A. My earliest writing memory is from first grade. The older kids were complaining that they had to write a hundred-word composition. This didn’t seem like a big deal to me, so I picked up my pencil and wrote: The. Cat. Dog. Mom. Dad. Me. Go. Stop. And. But.

You get the idea. Ninety words later, I had my first piece of writing that hadn’t been a school assignment.

As far as writing for children, that came much later. Back in 2001, I had an idea for a middle-grade novel. When it didn’t sell, I figured I wasn’t a writer, and moved on to other interests. After all, I had degrees in biochemistry and information systems, not creative writing or literature.

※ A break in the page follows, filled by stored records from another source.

lemma sum_potential_translates_le:
  fixes G P :: "('a::real_normed_vector) set"
  assumes "finite P" "finite G" "card G = s" "L \<ge> 1"
    and G_sep: "\<And>x x'. x \<in> G \<Longrightarrow> x' \<in> G \<Longrightarrow> x \<noteq> x' \<Longrightarrow> dist x x' > 2 * 2 powr (- real n)"
  shows "(\<Sum>x\<in>G. potential n s L (P \<union> {x + c})) \<le> (real s - 1 + real s / L) * potential n s L P"
proof -
  define m where "m = sep_number n P"
  have m_le: "m \<le> sep_number n (P \<union> {x + c})" for x
    unfolding m_def using \<open>finite P\<close> by (intro sep_number_mono) auto
  show ?thesis
  proof (cases "m < s")
    case False
    then have "potential n s L (P \<union> {x + c}) = 0" for x
      using m_le[of x] by (simp add: potential_def)
    moreover have "potential n s L P = 0"
      using False by (simp add: potential_def m_def)
    ultimately show ?thesis
      by simp
  next
    case True
    define B where "B = {x\<in>G. sep_number n (P \<union> {x + c}) \<le> m}"
    have "B \<subseteq> G" "finite B"
      using \<open>finite G\<close> unfolding B_def by auto
    have card_B: "card B \<le> m"
      using card_translates_not_increasing_sep_number[OF \<open>finite P\<close> G_sep, where c=c]
      unfolding B_def m_def by simp
    have "(\<Sum>x\<in>G. potential n s L (P \<union> {x + c}))
        = (\<Sum>x\<in>B. potential n s L (P \<union> {x + c})) + (\<Sum>x\<in>G - B. potential n s L (P \<union> {x + c}))"
      using sum.subset_diff[OF \<open>B \<subseteq> G\<close> \<open>finite G\<close>, of "\<lambda>x. potential n s L (P \<union> {x + c})"] by linarith
    also have "\<dots> \<le> (\<Sum>x\<in>B. L ^ (s - m)) + (\<Sum>x\<in>G - B. L ^ (s - Suc m))"
    proof (intro add_mono sum_mono potential_le_power)
      fix x assume "x \<in> G - B"
      then show "Suc m \<le> sep_number n (P \<union> {x + c})"
        unfolding B_def by auto
    qed (use \<open>L \<ge> 1\<close> m_le in auto)
    also have "\<dots> = real (card B) * L ^ (s - m) + real (card (G - B)) * L ^ (s - Suc m)"
      by simp
    also have "\<dots> \<le> real m * L ^ (s - m) + real s * L ^ (s - Suc m)"
    proof (intro add_mono mult_right_mono)
      show "real (card (G - B)) \<le> real s"
        using \<open>card G = s\<close> \<open>finite G\<close> by (simp add: card_Diff_subset[OF \<open>finite B\<close> \<open>B \<subseteq> G\<close>])
    qed (use card_B \<open>L \<ge> 1\<close> in auto)
    also have "\<dots> = (real m + real s / L) * L ^ (s - m)"
    proof -
      have "s - m = Suc (s - Suc m)"
        using True by simp
      then have "L ^ (s - m) = L * L ^ (s - Suc m)"
        by simp
      then show ?thesis
        using \<open>L \<ge> 1\<close> by (simp add: field_simps)
    qed
    also have "\<dots> \<le> (real s - 1 + real s / L) * L ^ (s - m)"
      using True \<open>L \<ge> 1\<close> by (intro mult_right_mono) auto
    also have "L ^ (s - m) = potential n s L P"
      using True by (simp add: potential_def m_def)
    finally show ?thesis .
  qed
qed

section \<open>Predictable shifts of uniform samples\<close>

lemma sum_PiE_insert:
  assumes "k \<notin> I"
  shows "(\<Sum>a\<in>PiE (insert k I) (\<lambda>_. T). f a) = (\<Sum>b\<in>PiE I (\<lambda>_. T). \<Sum>x\<in>T. f (b(k := x)))"
proof -
  have "(\<Sum>a\<in>PiE (insert k I) (\<lambda>_. T). f a)
      = (\<Sum>a\<in>(\<lambda>(x, b). b(k := x)) ` (T \<times> PiE I (\<lambda>_. T)). f a)"
    by (simp add: PiE_insert_eq)
  also have "\<dots> = (\<Sum>(x, b)\<in>T \<times> PiE I (\<lambda>_. T). f (b(k := x)))"
    using inj_combinator[OF assms, of "\<lambda>_. T"] by (simp add: sum.reindex case_prod_unfold)
  also have "\<dots> = (\<Sum>b\<in>PiE I (\<lambda>_. T). \<Sum>x\<in>T. f (b(k := x)))"
    by (subst sum.cartesian_product[symmetric]) (rule sum.swap)
  finally show ?thesis .
qed
theorem proposition3p3:
  fixes D :: "'d set" and alpha rho :: "'d \<Rightarrow> 'd"
    and V :: "'v set" and vert :: "'d \<Rightarrow> 'v" and U :: "'u set" and fc :: "'d \<Rightarrow> 'u"
    and Q Q' :: "complex set" and a b :: real
  assumes map: "genus0_map D alpha rho V vert U fc"
    and "finite Q" "Q \<noteq> {}" "uminus ` Q = Q"
    and "finite Q'" "Q' \<noteq> {}" "uminus ` Q' = Q'"
    and "0 < a" "a \<le> 1" "0 < b" "b \<le> 1" "a + b \<noteq> 1"
  shows "\<exists>c. \<forall>w \<subseteq> map_edges D alpha.
     omega_marginal (map_edges D alpha) V vert U fc Q Q' a b w =
       c * (real (card Q) ^ num_components V w vert
            * ((1 - (1 - real (card Q')) * a - b) / b) ^ card w
            * potts_Z V w vert Q' (real (card Q') * a / (1 - a - b)))"
proof -
  interpret planar_map D alpha rho V vert U fc by (rule planar_map.intro[OF map])
  define Den where "Den = (\<Sum>(s, t)\<in>spin_configs E V vert U fc Q Q'. spin_weight E vert fc a b s t)"
  show ?thesis
  proof (intro exI allI impI)
    fix w assume w: "w \<subseteq> E"
    show "omega_marginal E V vert U fc Q Q' a b w
        = real (card Q') * b ^ card E / real (card Q') ^ card V / Den
          * (real (card Q) ^ num_components V w vert
             * ((1 - (1 - real (card Q')) * a - b) / b) ^ card w
             * potts_Z V w vert Q' (real (card Q') * a / (1 - a - b)))"
      unfolding omega_marginal_def Den_def[symmetric]
        marginal_numerator_factor[OF finite_edges finite_vertices finite_faces assms(2,5)]
        primal_factor[OF w assms(2)] dual_factor_eq_potts[OF w assms(5,6,8,10,11,12)]
      by (simp only: divide_inverse mult_ac)
  qed
qed
(* Let $M(i)$ be a maximal matching of $G(i)$ and let $V_{cover}(i)$ be the set of endpoints of edges of $M(i)$, which is a $2$-approximate minimum vertex cover of $G(i)$. If $i\le j\le i+\frac14|M(i)|$, then $V_{cover}(i\rightarrow j)$ is a $5$-approximation to the minimum vertex cover of $G(j)$.
   Context: A graph undergoes a sequence of updates numbered $1,2,\dots$, each inserting or deleting one edge; $G(i)$ is the graph after the $i$-th update. A matching is maximal if no edge of the graph has both endpoints unmatched. $V_{cover}(i\rightarrow j)$ is obtained from $V_{cover}(i)$ by adding all endpoints of edges inserted during updates $i+1,\dots,j$; it is a vertex cover of $G(j)$. A set is an $\alpha$-approximation to the minimum vertex cover if it is a vertex cover of size at most $\alpha$ times the minimum vertex cover size. *)

theory Defs
  imports Complex_Main
begin

text \<open>Undirected simple graphs are represented by their edge sets; an edge is a
two-element vertex set.\<close>

definition is_edge :: "'a set \<Rightarrow> bool" where
  "is_edge e \<longleftrightarrow> (\<exists>u v. u \<noteq> v \<and> e = {u, v})"

definition graph :: "'a set set \<Rightarrow> bool" where
  "graph E \<longleftrightarrow> finite E \<and> (\<forall>e\<in>E. is_edge e)"

definition matching :: "'a set set \<Rightarrow> 'a set set \<Rightarrow> bool" where
  "matching M E \<longleftrightarrow> M \<subseteq> E \<and> (\<forall>e1\<in>M. \<forall>e2\<in>M. e1 \<noteq> e2 \<longrightarrow> e1 \<inter> e2 = {})"

definition maximal_matching :: "'a set set \<Rightarrow> 'a set set \<Rightarrow> bool" where
  "maximal_matching M E \<longleftrightarrow> matching M E \<and> (\<forall>e\<in>E. e \<inter> \<Union>M \<noteq> {})"

definition vertex_cover :: "'a set \<Rightarrow> 'a set set \<Rightarrow> bool" where
  "vertex_cover C E \<longleftrightarrow> (\<forall>e\<in>E. e \<inter> C \<noteq> {})"

definition min_vc_size :: "'a set set \<Rightarrow> nat" where
  "min_vc_size E = (LEAST n. \<exists>C. finite C \<and> vertex_cover C E \<and> card C = n)"

definition approx_min_vc :: "real \<Rightarrow> 'a set \<Rightarrow> 'a set set \<Rightarrow> bool" where
  "approx_min_vc \<alpha> C E \<longleftrightarrow> finite C \<and> vertex_cover C E \<and> real (card C) \<le> \<alpha> * real (min_vc_size E)"

definition update_sequence :: "(nat \<Rightarrow> 'a set set) \<Rightarrow> bool" where
  "update_sequence G \<longleftrightarrow> graph (G 0) \<and>
     (\<forall>k\<ge>1. (\<exists>e. is_edge e \<and> e \<notin> G (k - 1) \<and> G k = insert e (G (k - 1)))
            \<or> (\<exists>e. e \<in> G (k - 1) \<and> G k = G (k - 1) - {e}))"

definition inserted :: "(nat \<Rightarrow> 'a set set) \<Rightarrow> nat \<Rightarrow> 'a set set" where
  "inserted G k = G k - G (k - 1)"

text \<open>V_cover(i \<rightarrow> j): C plus all endpoints of edges inserted during updates i+1..j.\<close>
definition cover_extend :: "(nat \<Rightarrow> 'a set set) \<Rightarrow> 'a set \<Rightarrow> nat \<Rightarrow> nat \<Rightarrow> 'a set" where
  "cover_extend G C i j = C \<union> (\<Union>k\<in>{i<..j}. \<Union>(inserted G k))"

end

theory Submission
  imports Defs
begin

text \<open>Each of the \<open>j - i\<close> updates adds at most two vertices to the cover, so
  \<open>|V\<^sub>c\<^sub>o\<^sub>v\<^sub>e\<^sub>r(i \<rightarrow> j)| \<le> 2|M(i)| + 2(j - i)\<close>. Each update also deletes at most one edge of
  \<open>M(i)\<close>, so \<open>G(j)\<close> still contains a matching of size \<open>|M(i)| - (j - i)\<close>, and every vertex
  cover of \<open>G(j)\<close> has at least that many vertices. With \<open>j - i \<le> |M(i)|/4\<close> the ratio is
  at most \<open>(5/2) / (3/4) < 5\<close>.\<close>

lemma is_edge_finite_card:
  assumes "is_edge e"
  shows "finite e" and "card e = 2" and "e \<noteq> {}"
  using assms unfolding is_edge_def by auto

lemma update_sequence_Suc:
  assumes "update_sequence G"
  shows "(\<exists>e. is_edge e \<and> e \<notin> G k \<and> G (Suc k) = insert e (G k))
       \<or> (\<exists>e. e \<in> G k \<and> G (Suc k) = G k - {e})"
proof -
  have "\<forall>k\<ge>1. (\<exists>e. is_edge e \<and> e \<notin> G (k - 1) \<and> G k = insert e (G (k - 1)))
            \<or> (\<exists>e. e \<in> G (k - 1) \<and> G k = G (k - 1) - {e})"
    using assms unfolding update_sequence_def by blast
  from spec[OF this, of "Suc k"] show ?thesis by simp
qed

lemma update_sequence_graph:
  assumes "update_sequence G"
  shows "graph (G k)"
proof (induction k)
  case 0
  then show ?case using assms unfolding update_sequence_def by simp
next
  case (Suc k)
  then show ?case using update_sequence_Suc[OF assms, of k] unfolding graph_def by auto
qed

lemma update_sequence_inserted_vertices:
  assumes "update_sequence G"
  shows "finite (\<Union>(inserted G k))" and "card (\<Union>(inserted G k)) \<le> 2"
proof -
  consider "inserted G k = {}" | e where "is_edge e" and "inserted G k = {e}"
  proof (cases k)
    case (Suc k')
    then show ?thesis
      using that update_sequence_Suc[OF assms, of k'] unfolding inserted_def by auto
  qed (simp add: inserted_def that)
  then show "finite (\<Union>(inserted G k))" and "card (\<Union>(inserted G k)) \<le> 2"
    by (cases; simp add: is_edge_finite_card)+
qed

lemma update_sequence_new_edge_inserted:
  assumes "update_sequence G" and "i \<le> j" and "e \<in> G j" and "e \<notin> G i"
  shows "\<exists>k\<in>{i<..j}. e \<in> inserted G k"
  using assms(2-3)
proof (induction j rule: dec_induct)
  case base
  then show ?case using assms(4) by simp
next
  case (step j)
  show ?case
  proof (cases "e \<in> G j")
    case True
    then show ?thesis using step.IH by fastforce
  next
    case False
    then show ?thesis using step.prems step.hyps unfolding inserted_def
      by (intro bexI[of _ "Suc j"]) auto
  qed
qed

lemma update_sequence_card_Int_le:
  assumes "update_sequence G" and "finite A" and "i \<le> j"
  shows "card (A \<inter> G i) \<le> card (A \<inter> G j) + (j - i)"
  using assms(3)
proof (induction j rule: dec_induct)
  case (step j)
  obtain e where "A \<inter> G j \<subseteq> insert e (A \<inter> G (Suc j))"
    using update_sequence_Suc[OF assms(1), of j] by blast
  then have "card (A \<inter> G j) \<le> card (insert e (A \<inter> G (Suc j)))"
    using assms(2) by (intro card_mono) auto
  also have "\<dots> \<le> Suc (card (A \<inter> G (Suc j)))"
    using assms(2) by (simp add: card_insert_if)
  finally have "card (A \<inter> G j) \<le> Suc (card (A \<inter> G (Suc j)))" .
  then show ?case using step by linarith
qed simp

lemma vertex_cover_cover_extend:
  assumes "update_sequence G" and "vertex_cover C (G i)" and "i \<le> j"
  shows "vertex_cover (cover_extend G C i j) (G j)"
  unfolding vertex_cover_def
proof
  fix e assume e: "e \<in> G j"
  show "e \<inter> cover_extend G C i j \<noteq> {}"
  proof (cases "e \<in> G i")
    case True
    then show ?thesis using assms(2) unfolding vertex_cover_def cover_extend_def by blast
  next
    case False
    then obtain k where k: "k \<in> {i<..j}" "e \<in> inserted G k"
      using update_sequence_new_edge_inserted[OF assms(1,3) e] by blast
    have "e \<noteq> {}"
      using update_sequence_graph[OF assms(1), of j] e is_edge_finite_card(3)
      unfolding graph_def by blast
    moreover have "e \<subseteq> cover_extend G C i j" using k unfolding cover_extend_def by blast
    ultimately show ?thesis by blast
  qed
qed

lemma card_cover_extend_le:
  assumes "update_sequence G" and "finite C"
  shows "finite (cover_extend G C i j)" and "card (cover_extend G C i j) \<le> card C + 2 * (j - i)"
proof -
  let ?I = "\<Union>k\<in>{i<..j}. \<Union>(inserted G k)"
  have "card ?I \<le> (\<Sum>k\<in>{i<..j}. card (\<Union>(inserted G k)))"
    by (rule card_UN_le) simp
  also have "\<dots> \<le> (\<Sum>k\<in>{i<..j}. 2)"
    by (intro sum_mono update_sequence_inserted_vertices[OF assms(1)])
  finally have "card ?I \<le> 2 * (j - i)" by simp
  then show "card (cover_extend G C i j) \<le> card C + 2 * (j - i)"
    unfolding cover_extend_def using card_Un_le[of C ?I] by linarith
  show "finite (cover_extend G C i j)"
    unfolding cover_extend_def
    using assms(2) update_sequence_inserted_vertices(1)[OF assms(1)] by simp
qed

lemma card_matching_le_vertex_cover:
  assumes "matching M E" and "vertex_cover C E" and "finite C"
  shows "card M \<le> card C"
proof -
  define pick where "pick e = (SOME v. v \<in> e \<inter> C)" for e
  have pick: "pick e \<in> e \<inter> C" if "e \<in> M" for e
  proof -
    have "e \<in> E" using assms(1) that unfolding matching_def by blast
    then have "\<exists>v. v \<in> e \<inter> C" using assms(2) unfolding vertex_cover_def by blast
    then show ?thesis unfolding pick_def by (rule someI_ex)
  qed
  have "inj_on pick M"
  proof (rule inj_onI)
    fix x y assume x: "x \<in> M" and y: "y \<in> M" and eq: "pick x = pick y"
    have "pick x \<in> x \<inter> y" using pick[OF x] pick[OF y] unfolding eq by blast
    then show "x = y" using assms(1) x y unfolding matching_def by blast
  qed
  moreover have "pick ` M \<subseteq> C" using pick by blast
  ultimately show ?thesis using card_inj_on_le assms(3) by blast
qed

lemma min_vc_size_attained:
  assumes "finite C" and "vertex_cover C E"
  obtains C' where "finite C'" and "vertex_cover C' E" and "card C' = min_vc_size E"
  using LeastI_ex[of "\<lambda>n. \<exists>C. finite C \<and> vertex_cover C E \<and> card C = n"] assms
  unfolding min_vc_size_def by blast

lemma card_matching_le_min_vc_size:
  assumes "matching M E" and "finite C" and "vertex_cover C E"
  shows "card M \<le> min_vc_size E"
  using min_vc_size_attained[OF assms(2,3)] card_matching_le_vertex_cover[OF assms(1)] by metis

lemma card_Union_matching_le:
  assumes "graph E" and "matching M E"
  shows "finite (\<Union>M)" and "card (\<Union>M) \<le> 2 * card M" and "finite M"
proof -
  have edges: "is_edge e" if "e \<in> M" for e
    using assms that unfolding graph_def matching_def by blast
  show "finite M" using assms finite_subset unfolding graph_def matching_def by blast
  then show "finite (\<Union>M)" using edges is_edge_finite_card(1) by blast
  have "card (\<Union>M) \<le> (\<Sum>e\<in>M. card e)" by (rule card_Union_le_sum_card)
  also have "\<dots> = (\<Sum>e\<in>M. 2)" using edges is_edge_finite_card(2) by (intro sum.cong) auto
  finally show "card (\<Union>M) \<le> 2 * card M" by simp
qed

theorem lemma12:
  fixes G :: "nat \<Rightarrow> 'a set set" and M :: "'a set set" and i j :: nat
  assumes "update_sequence G"
    and "maximal_matching M (G i)"
    and "i \<le> j" and "real j \<le> real i + real (card M) / 4"
  shows "approx_min_vc 5 (cover_extend G (\<Union>M) i j) (G j)"
proof -
  let ?C = "cover_extend G (\<Union>M) i j" and ?opt = "min_vc_size (G j)"
  have matching: "matching M (G i)" and cover: "vertex_cover (\<Union>M) (G i)"
    using assms(2) unfolding maximal_matching_def vertex_cover_def by auto
  note card_UM = card_Union_matching_le[OF update_sequence_graph[OF assms(1)] matching]
  note card_C = card_cover_extend_le[OF assms(1) card_UM(1), of i j]
  have vc: "vertex_cover ?C (G j)" by (rule vertex_cover_cover_extend[OF assms(1) cover assms(3)])
  have "matching (M \<inter> G j) (G j)" using matching unfolding matching_def by auto
  then have "card (M \<inter> G j) \<le> ?opt"
    by (rule card_matching_le_min_vc_size[OF _ card_C(1) vc])
  moreover have "card M \<le> card (M \<inter> G j) + (j - i)"
    using update_sequence_card_Int_le[OF assms(1) card_UM(3) assms(3)] matching
    unfolding matching_def by (simp add: Int_absorb2)
  ultimately have "card M \<le> ?opt + (j - i)" by linarith
  moreover have "card ?C \<le> 2 * card M + 2 * (j - i)" using card_C(2) card_UM(2) by linarith
  moreover have "4 * real (j - i) \<le> real (card M)" using assms(3,4) by (simp add: of_nat_diff)
  ultimately have "real (card ?C) \<le> 5 * real ?opt" by linarith
  then show ?thesis unfolding approx_min_vc_def using card_C(1) vc by simp
qed

end
lemma card_neighbours_le_predecessors_successors:
  fixes E :: "'n::finite \<Rightarrow> 'n \<Rightarrow> bool"
  assumes sg: "simple_graph E" and cg: "connected_graph E"
    and indep: "independent_set E (dist_set E v (gdist E v u))"
  shows "card {w. E u w} \<le> card (predecessors E v u) + card (successors E v u)"
proof -
  have "{w. E u w} \<subseteq> predecessors E v u \<union> successors E v u"
  proof
    fix w assume "w \<in> {w. E u w}"
    hence uw: "E u w" by simp
    hence wu: "E w u" using sg unfolding simple_graph_def by blast
    show "w \<in> predecessors E v u \<union> successors E v u"
      by (rule gdist_edge_cases[OF sg cg uw, of v])
        (use uw wu indep in \<open>auto simp: predecessors_def successors_def dist_set_def independent_set_def\<close>)
  qed
  hence "card {w. E u w} \<le> card (predecessors E v u \<union> successors E v u)" by (intro card_mono) auto
  thus ?thesis using card_Un_le order_trans by blast
qed

lemma card_successors_ge_2:
  fixes E :: "'n::finite \<Rightarrow> 'n \<Rightarrow> bool"
  assumes sg: "simple_graph E" and cg: "connected_graph E" and q: "qG E = 2"
    and deg: "min_degree E \<ge> 3" and u: "gdist E v u = i"
    and pred_u: "card (predecessors E v u) \<le> 2"
    and pred_succ: "\<forall>w\<in>successors E v u. card (predecessors E v w) \<le> 2"
    and indep: "independent_set E (dist_set E v i)" "independent_set E (dist_set E v (i + 1))"
  shows "card (successors E v u) \<ge> 2"
proof (rule ccontr)
  have "3 \<le> card (predecessors E v u) + card (successors E v u)"
    using card_neighbours_le_predecessors_successors[OF sg cg, of v u] indep(1) u
      min_degree_le_card_neighbours[of E u] deg by simp
  moreover assume "\<not> card (successors E v u) \<ge> 2"
  ultimately have "card (successors E v u) = 1" using pred_u by linarith
  then obtain w where succ_u: "successors E v u = {w}" by (auto simp: card_1_singleton_iff)
  hence uw: "E u w" and w: "gdist E v w = i + 1"
    using u unfolding successors_def dist_set_def by auto
  have "3 \<le> card (predecessors E v w) + card (successors E v w)"
    using card_neighbours_le_predecessors_successors[OF sg cg, of v w] indep(2) w
      min_degree_le_card_neighbours[of E w] deg by simp
  hence "successors E v w \<noteq> {}" using pred_succ succ_u by fastforce
  then obtain z where wz: "E w z" and z: "gdist E v z = i + 2"
    using w unfolding successors_def dist_set_def by auto
  have "u \<noteq> z" "\<not> E u z" using u z gdist_edge_le[OF cg, of u z v] by auto
  moreover have "{k. E u k \<and> E k z} = {w}"
  proof (intro equalityI subsetI)
    fix k assume "k \<in> {k. E u k \<and> E k z}"
    hence k: "E u k" "E k z" by auto
    hence "gdist E v k = i + 1"
      using u z gdist_edge_le[OF cg k(1), of v] gdist_edge_le[OF cg k(2), of v] by simp
    hence "k \<in> successors E v u" using k u unfolding successors_def dist_set_def by simp
    thus "k \<in> {w}" using succ_u by simp
  qed (use uw wz in simp)
  ultimately show False using qG_2_no_unique_common_neighbour[OF sg q] by fastforce
qed

lemma sum_card_filter_swap:
  assumes "finite A" and "finite B"
  shows "(\<Sum>u\<in>A. card {w\<in>B. R u w}) = (\<Sum>w\<in>B. card {u\<in>A. R u w})"
proof -
  have "(\<Sum>u\<in>A. card {w\<in>B. R u w}) = (\<Sum>u\<in>A. \<Sum>w\<in>B. of_bool (R u w))"
    using assms by (simp add: Int_def)
  also have "\<dots> = (\<Sum>w\<in>B. \<Sum>u\<in>A. of_bool (R u w))" by (rule sum.swap)
  also have "\<dots> = (\<Sum>w\<in>B. card {u\<in>A. R u w})"
    using assms by (simp add: Int_def)
  finally show ?thesis .
qed

lemma card_le_card_by_double_counting:
  assumes "finite A" and "finite B" and "k > 0"
    and "\<And>u. u \<in> A \<Longrightarrow> k \<le> card {w\<in>B. R u w}"
    and "\<And>w. w \<in> B \<Longrightarrow> card {u\<in>A. R u w} \<le> k"
  shows "card A \<le> card B"
proof -
  have "k * card A \<le> (\<Sum>u\<in>A. card {w\<in>B. R u w})"
    using sum_bounded_below[of A k] assms(4) by (simp add: mult.commute)
  also have "\<dots> = (\<Sum>w\<in>B. card {u\<in>A. R u w})" by (rule sum_card_filter_swap[OF assms(1,2)])
  also have "\<dots> \<le> k * card B"
    using sum_bounded_above[of B _ k] assms(5) by (simp add: mult.commute)
  finally show ?thesis using assms(3) by simp
qed

theorem mainTheorem5:
  fixes E :: "'n::finite \<Rightarrow> 'n \<Rightarrow> bool" and v :: 'n
  assumes "simple_graph E"
    and "connected_graph E"
    and "CARD('n) \<ge> 3"
    and "qG E = 2"
    and "min_degree E \<ge> 3"
    and "\<forall>i. 2 \<le> i \<and> i \<le> eccentricity E v - 1 \<longrightarrow>
           (\<forall>w \<in> dist_set E v i. card (predecessors E v w) = 2)"
    and "\<forall>i. 1 \<le> i \<and> i \<le> eccentricity E v - 1 \<longrightarrow> independent_set E (dist_set E v i)"
  shows "\<forall>i. i + 1 \<le> eccentricity E v - 1 \<longrightarrow>
           card (dist_set E v i) \<le> card (dist_set E v (i + 1))"
proof (intro allI impI)
  note sg = assms(1) and cg = assms(2)
  fix i assume i: "i + 1 \<le> eccentricity E v - 1"
  have pred: "card (predecessors E v w) \<le> 2" if "gdist E v w \<le> i + 1" for w
  proof (cases "gdist E v w \<le> 1")
    case False
    thus ?thesis using assms(6)[rule_format, of "gdist E v w" w] i that by (simp add: dist_set_def)
  qed (use card_predecessors_le_1[OF cg, of v w] in simp)
  have indep: "independent_set E (dist_set E v j)" if "j \<le> i + 1" for j
    using independent_set_dist_set_0[OF sg cg] assms(7) i that by (cases j) auto
  have "2 \<le> card {w \<in> dist_set E v (i + 1). E u w}" if "u \<in> dist_set E v i" for u
  proof -
    have u: "gdist E v u = i" using that by (simp add: dist_set_def)
    moreover from this have "\<forall>w\<in>successors E v u. card (predecessors E v w) \<le> 2"
      using pred by (simp add: successors_def dist_set_def)
    ultimately have "2 \<le> card (successors E v u)"
      by (intro card_successors_ge_2[OF sg cg assms(4,5)] pred indep) auto
    thus ?thesis using u by (simp add: successors_def)
  qed
  moreover have "card {u \<in> dist_set E v i. E u w} \<le> 2" if "w \<in> dist_set E v (i + 1)" for w
    using pred[of w] that unfolding predecessors_def dist_set_def by simp
  ultimately show "card (dist_set E v i) \<le> card (dist_set E v (i + 1))"
    by (intro card_le_card_by_double_counting[where k = 2 and R = E]) auto
qed

end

Then in about 2008, I had an idea for another middle-grade novel. This is when I became serious about writing for children. In addition to writing, I set about studying my craft. I went to writing conferences and took workshops. In January 2016, I graduated with an MFA in Writing for Children and Young Adults from the Vermont College of Fine Arts.

Q. Describe your writing process.
A. There are several steps in my writing process. First, of course, I need to come up with a general idea for the story. This might be a character, a scene, or sometimes even just a title. I let this idea roll around in my mind for quite a while. Before long, related ideas glom onto the original one, while others fall by the wayside. Lying in bed at night is the perfect location for doing this step.

I’m ready to move on. I take all these characters and scenes and settings and plots in my head and try to make them fit together into a story. I’m definitely an outliner, not a pantser. I even outline my picture books.

Now it’s time to write. And revise. And revise. And re-outline. And revise. I have the work critiqued, and I revise. This step repeats over and over again.

When I think the manuscript is as good as I can make it, I put it away for a bit and work on something else. This allows me to return to it with fresh eyes and, you guessed it, revise.

Q. Tell us about your latest book.
A. Ada Byron Lovelace and the Thinking Machine is a picture-book biography of the world’s first computer programmer. Ada was born two hundred years ago, long before the invention of the modern electronic computer. At a time when girls and women had few options outside the home, Ada followed her dreams and studied mathematics.

See the book trailer.

A century before the first digital computer was invented, Ada Lovelace wrote the world’s first computer program!

Ada Lovelace, the daughter of the famous romantic poet, Lord Byron, develops her creativity through science and math. When she meets Charles Babbage, the inventor of the first mechanical computer, Ada understands the machine better than anyone else and writes the world’s first computer program in order to demonstrate its capabilities.

Thanks for visiting the blog, Laurie! Congratulations on your new book!

  • Booklist Top Ten Books in Science and Health
  • Booklist Editor’s Choice: Books for Youth 2015
  • National Science Teachers Association Outstanding Science Trade Book
  • California Reading Association Eureka Gold Medal Winner
  • Cook Prize Finalist
  • 2016 Amelia Bloomer List
  • Assoc.of Children’s Librarians of Northern California Outstanding Book
  • Junior Library Guild Selection

Copyright © 2016 Anastasia Suen All Rights Reserved.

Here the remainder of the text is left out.